=== RECORDS FOR THIS EXERCISE ===

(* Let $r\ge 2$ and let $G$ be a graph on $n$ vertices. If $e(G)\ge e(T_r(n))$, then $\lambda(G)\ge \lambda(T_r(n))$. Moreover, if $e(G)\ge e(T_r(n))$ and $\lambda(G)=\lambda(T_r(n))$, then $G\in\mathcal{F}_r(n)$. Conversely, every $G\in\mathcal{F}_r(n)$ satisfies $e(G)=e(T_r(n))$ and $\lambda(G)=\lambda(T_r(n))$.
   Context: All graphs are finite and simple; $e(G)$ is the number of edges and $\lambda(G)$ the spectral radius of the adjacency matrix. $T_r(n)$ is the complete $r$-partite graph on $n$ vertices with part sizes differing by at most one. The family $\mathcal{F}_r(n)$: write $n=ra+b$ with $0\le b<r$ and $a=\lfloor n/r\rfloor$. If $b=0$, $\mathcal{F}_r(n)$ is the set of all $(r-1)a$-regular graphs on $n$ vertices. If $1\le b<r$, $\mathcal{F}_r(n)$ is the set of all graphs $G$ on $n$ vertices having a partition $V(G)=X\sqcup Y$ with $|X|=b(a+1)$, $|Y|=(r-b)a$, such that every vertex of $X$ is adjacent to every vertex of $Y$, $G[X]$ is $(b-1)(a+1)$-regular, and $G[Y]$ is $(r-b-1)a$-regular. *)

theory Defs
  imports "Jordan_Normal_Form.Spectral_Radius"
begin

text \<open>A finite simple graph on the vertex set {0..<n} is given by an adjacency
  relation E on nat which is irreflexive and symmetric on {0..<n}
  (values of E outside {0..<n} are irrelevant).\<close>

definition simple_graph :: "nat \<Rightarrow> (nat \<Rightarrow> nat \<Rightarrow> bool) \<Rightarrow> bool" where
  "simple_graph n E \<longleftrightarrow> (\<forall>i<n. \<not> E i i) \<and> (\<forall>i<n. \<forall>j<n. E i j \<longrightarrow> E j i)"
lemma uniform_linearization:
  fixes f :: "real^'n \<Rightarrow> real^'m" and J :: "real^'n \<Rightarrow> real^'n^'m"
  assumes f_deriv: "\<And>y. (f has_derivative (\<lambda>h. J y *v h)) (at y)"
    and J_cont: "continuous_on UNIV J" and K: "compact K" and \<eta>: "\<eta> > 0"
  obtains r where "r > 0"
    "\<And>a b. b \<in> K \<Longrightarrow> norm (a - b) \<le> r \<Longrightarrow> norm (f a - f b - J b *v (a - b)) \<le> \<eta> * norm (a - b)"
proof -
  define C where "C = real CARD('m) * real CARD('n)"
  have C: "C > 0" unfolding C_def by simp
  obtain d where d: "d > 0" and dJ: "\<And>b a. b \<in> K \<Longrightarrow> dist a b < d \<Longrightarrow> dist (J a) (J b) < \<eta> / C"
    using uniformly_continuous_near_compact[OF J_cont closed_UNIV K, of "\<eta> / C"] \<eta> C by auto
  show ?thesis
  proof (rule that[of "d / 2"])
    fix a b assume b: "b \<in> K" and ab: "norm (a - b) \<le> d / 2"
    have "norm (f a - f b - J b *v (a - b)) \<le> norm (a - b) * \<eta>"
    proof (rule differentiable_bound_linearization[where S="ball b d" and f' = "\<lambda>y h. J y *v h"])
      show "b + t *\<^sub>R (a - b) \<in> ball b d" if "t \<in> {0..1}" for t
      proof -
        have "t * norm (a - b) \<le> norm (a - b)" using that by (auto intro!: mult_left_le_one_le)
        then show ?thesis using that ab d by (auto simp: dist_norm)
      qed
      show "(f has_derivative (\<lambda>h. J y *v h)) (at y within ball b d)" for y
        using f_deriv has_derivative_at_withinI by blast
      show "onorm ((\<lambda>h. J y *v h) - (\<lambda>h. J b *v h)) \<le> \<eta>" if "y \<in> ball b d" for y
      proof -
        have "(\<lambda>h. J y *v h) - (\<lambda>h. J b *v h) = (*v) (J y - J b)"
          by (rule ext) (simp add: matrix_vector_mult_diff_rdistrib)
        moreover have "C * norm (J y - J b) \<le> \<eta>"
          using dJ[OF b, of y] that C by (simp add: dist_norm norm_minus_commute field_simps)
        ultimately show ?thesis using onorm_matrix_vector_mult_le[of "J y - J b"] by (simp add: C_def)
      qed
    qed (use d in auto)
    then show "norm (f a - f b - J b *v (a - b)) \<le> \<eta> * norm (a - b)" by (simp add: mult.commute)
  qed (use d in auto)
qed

===

• [ASSIGNMENT]:
Write out the lines of the entries, word for word, from the first through the one containing "(nat \<Rightarrow> nat", and stop at that line.

• [TASK SOLUTION]:
(* Let $r\ge 2$ and let $G$ be a graph on $n$ vertices. If $e(G)\ge e(T_r(n))$, then $\lambda(G)\ge \lambda(T_r(n))$. Moreover, if $e(G)\ge e(T_r(n))$ and $\lambda(G)=\lambda(T_r(n))$, then $G\in\mathcal{F}_r(n)$. Conversely, every $G\in\mathcal{F}_r(n)$ satisfies $e(G)=e(T_r(n))$ and $\lambda(G)=\lambda(T_r(n))$.
   Context: All graphs are finite and simple; $e(G)$ is the number of edges and $\lambda(G)$ the spectral radius of the adjacency matrix. $T_r(n)$ is the complete $r$-partite graph on $n$ vertices with part sizes differing by at most one. The family $\mathcal{F}_r(n)$: write $n=ra+b$ with $0\le b<r$ and $a=\lfloor n/r\rfloor$. If $b=0$, $\mathcal{F}_r(n)$ is the set of all $(r-1)a$-regular graphs on $n$ vertices. If $1\le b<r$, $\mathcal{F}_r(n)$ is the set of all graphs $G$ on $n$ vertices having a partition $V(G)=X\sqcup Y$ with $|X|=b(a+1)$, $|Y|=(r-b)a$, such that every vertex of $X$ is adjacent to every vertex of $Y$, $G[X]$ is $(b-1)(a+1)$-regular, and $G[Y]$ is $(r-b-1)a$-regular. *)

theory Defs
  imports "Jordan_Normal_Form.Spectral_Radius"
begin

text \<open>A finite simple graph on the vertex set {0..<n} is given by an adjacency
  relation E on nat which is irreflexive and symmetric on {0..<n}
  (values of E outside {0..<n} are irrelevant).\<close>

definition simple_graph :: "nat \<Rightarrow> (nat \<Rightarrow> nat \<Rightarrow> bool) \<Rightarrow> bool" where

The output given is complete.